Tohu va-bohu in the Torah is usually translated as "empty and shapeless," but in Hebrew tohu means "ruin," and bohu, "desolation"; for French speakers today, tohu-bohu means chaos, mess, hubbub.

Noise—a set of unharmonious sounds.

This sends us back to the definition of harmony—but harmony in a specific historical context. We see at once how difficult it is to speak simply and plainly about such familiar concepts. By noise is meant essentially our perception of it. In a sense, there is no adequate definition of noise.

Noise usually implies loud or unpleasant sounds—we tell kids to stop making a noise. It's contrasted with silence, which is supposed to be golden, enlightening.

John Coltrane's Ascension [1], in 1965 dismissed as undifferentiated noise, is now seen as a more subtle form of harmony that combines chaotic material and an ascending movement. Ascension broke with the old view of noise.
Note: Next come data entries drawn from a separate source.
lemma sum_sb_prob_Zvec:
  fixes d x :: "nat \<Rightarrow> nat"
  assumes "r < n" "m \<le> n - r" and total: "(\<Sum>i\<in>{1..r}. d i) + (\<Sum>i\<in>{r+1..n}. x i) = n - 1"
  shows "(\<Sum>\<sigma> | \<sigma> permutes {1..n}.
            sb_prob n (Zvec r d x) \<sigma> * f (map (\<lambda>i. Zvec r d x (\<sigma> i)) [1..<m+1])
            * (if m \<le> Npos n r x then 1 else 0) * (if m < tau n r \<sigma> then 1 else 0))
       = (\<Sum>l\<in>distinct_lists m {r+1..n}. sb_prefix_prob (real (n - 1)) (map x l) * f (map x l))"
    (is "?lhs = ?rhs")
proof -
  define I where "I = {r+1..n}"
  define Z where "Z = Zvec r d x"
  define P where "P = {i \<in> {1..n}. 0 < Z i}"
  have Z_I: "Z i = x i" if "i \<in> I" for i
    using that by (simp add: Z_def Zvec_def I_def)
  have map_Z: "map Z l = map x l" if "set l \<subseteq> I" for l
    using that Z_I by auto
  have Q: "{i \<in> I. 0 < x i} = P \<inter> I"
    using Z_I by (auto simp: P_def I_def)
  have rhs: "?rhs
      = (\<Sum>l\<in>distinct_lists m (P \<inter> I). sb_prefix_prob (real (n - 1)) (map x l) * f (map x l))"
    unfolding Q[symmetric] unfolding I_def by (rule sum_distinct_lists_sb_prefix_prob_pos) simp
  show ?thesis
  proof (cases "m \<le> card (P \<inter> I)")
    case True
    have "sum Z P = sum Z {1..n}"
      by (rule sum.mono_neutral_left) (auto simp: P_def)
    then have "sum Z P = n - 1"
      using sum_Zvec[of r n d x] assms(1) total by (simp add: Z_def)
    have "?lhs = (\<Sum>\<sigma> | \<sigma> permutes {1..n}. sb_prob n Z \<sigma> * f (map Z (map \<sigma> [1..<m+1]))
        * (if \<sigma> ` {1..m} \<subseteq> I then 1 else 0))"
      using True Q tau_gt_iff[of _ n m r] assms(1,2)
      by (intro sum.cong refl) (simp add: Z_def I_def Npos_def comp_def del: upt_Suc)
    also have "\<dots>
        = (\<Sum>l\<in>distinct_lists m (P \<inter> I). sb_prefix_prob (real (n - 1)) (map Z l) * f (map Z l))"
      using sum_sb_prob_prefix_subset[OF P_def True] \<open>sum Z P = n - 1\<close> by simp
    also have "\<dots> = ?rhs"
      unfolding rhs by (intro sum.cong refl) (auto simp: distinct_lists_def map_Z)
    finally show ?thesis .
  next
    case False
    then have "?lhs = 0"
      using Q by (simp add: Npos_def I_def)
    then show ?thesis
      using rhs False distinct_lists_eq_empty[of "P \<inter> I"] by (simp add: P_def)
  qed
qed

primrec sum_iid_pmf :: "nat pmf \<Rightarrow> nat \<Rightarrow> nat pmf" where
  "sum_iid_pmf \<mu> 0 = return_pmf 0"
| "sum_iid_pmf \<mu> (Suc k) = map_pmf (\<lambda>(y, t). y + t) (pair_pmf \<mu> (sum_iid_pmf \<mu> k))"

lemma map_pmf_sum_Pi_pmf:
  assumes "finite J"
  shows "map_pmf (\<lambda>x. \<Sum>i\<in>J. x i) (Pi_pmf J 0 (\<lambda>_. \<mu>)) = sum_iid_pmf \<mu> (card J)"
  using assms
proof (induction J rule: finite_induct)
  case empty
  then show ?case by simp
next
  case (insert a J)
  have split_sum: "(\<lambda>x. \<Sum>i\<in>insert a J. x i) \<circ> (\<lambda>(y :: nat, x). x(a := y))
      = (\<lambda>(y, t). y + t) \<circ> apsnd (\<lambda>x. \<Sum>i\<in>J. x i)"
  proof -
    have upd: "sum (x(a := y)) J = sum x J" for x :: "_ \<Rightarrow> nat" and y
      using insert.hyps by (intro sum.cong) auto
    show ?thesis
      using insert.hyps by (auto simp: fun_eq_iff upd fun_upd_same simp del: fun_upd_apply)
  qed
  have "map_pmf (\<lambda>x. \<Sum>i\<in>insert a J. x i) (Pi_pmf (insert a J) 0 (\<lambda>_. \<mu>))
      = map_pmf ((\<lambda>x. \<Sum>i\<in>insert a J. x i) \<circ> (\<lambda>(y, x). x(a := y))) (pair_pmf \<mu> (Pi_pmf J 0 (\<lambda>_. \<mu>)))"
    using insert.hyps by (simp add: Pi_pmf_insert map_pmf_comp comp_def)
  also have "\<dots> = map_pmf ((\<lambda>(y, t). y + t) \<circ> apsnd (\<lambda>x. \<Sum>i\<in>J. x i))
      (pair_pmf \<mu> (Pi_pmf J 0 (\<lambda>_. \<mu>)))"
    by (simp only: split_sum)
  also have "\<dots> = map_pmf (\<lambda>(y, t). y + t)
      (pair_pmf \<mu> (map_pmf (\<lambda>x. \<Sum>i\<in>J. x i) (Pi_pmf J 0 (\<lambda>_. \<mu>))))"
    by (simp add: pair_map_pmf2 map_pmf_comp comp_def)
  finally show ?case
    using insert by simp
qed

lemma prob_Pi_pmf_sum_eq_psum:
  assumes "finite J"
  shows "measure_pmf.prob (iid_pmf J \<mu>) {x. (\<Sum>i\<in>J. x i) = t} = psum \<mu> (card J) t"
proof -
  have "measure_pmf.prob (iid_pmf J \<mu>) {x. (\<Sum>i\<in>J. x i) = t} = pmf (sum_iid_pmf \<mu> (card J)) t"
    if "finite J" for J :: "nat set"
    unfolding map_pmf_sum_Pi_pmf[OF that, symmetric] pmf_map by (simp add: vimage_def)
  from this[OF assms] this[of "{1..card J}"] show ?thesis
    by (simp add: psum_def)
qed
When I first heard the 30-minute A Little Noise in the System (Moog System, 1966) by Pauline Oliveros [2], the power of its development seemed clear. Others who have heard this piece recently all had the same impression. On reflection, this listenability seemed puzzling to me, till I realized that our listening habits—familiarity with Oval, Fennesz and Aphex Twin—have done the trick. With our ear conditioned, we could enjoy all those early subtleties.

Ars Nova. When audiences of the 1950s and 1960s first heard Varèse, Pousseur, Stockhausen, Berio, Ussachevsky, Yuasa, Dockstader and Mumma, what did they feel? Perhaps a sort of break, an epistemological break, like it must have been for the first audience of Monteverdi's Orfeo (in Mantua, Italy on 24 February 1607). They left the auditorium completely stunned, because they had never heard anything like it.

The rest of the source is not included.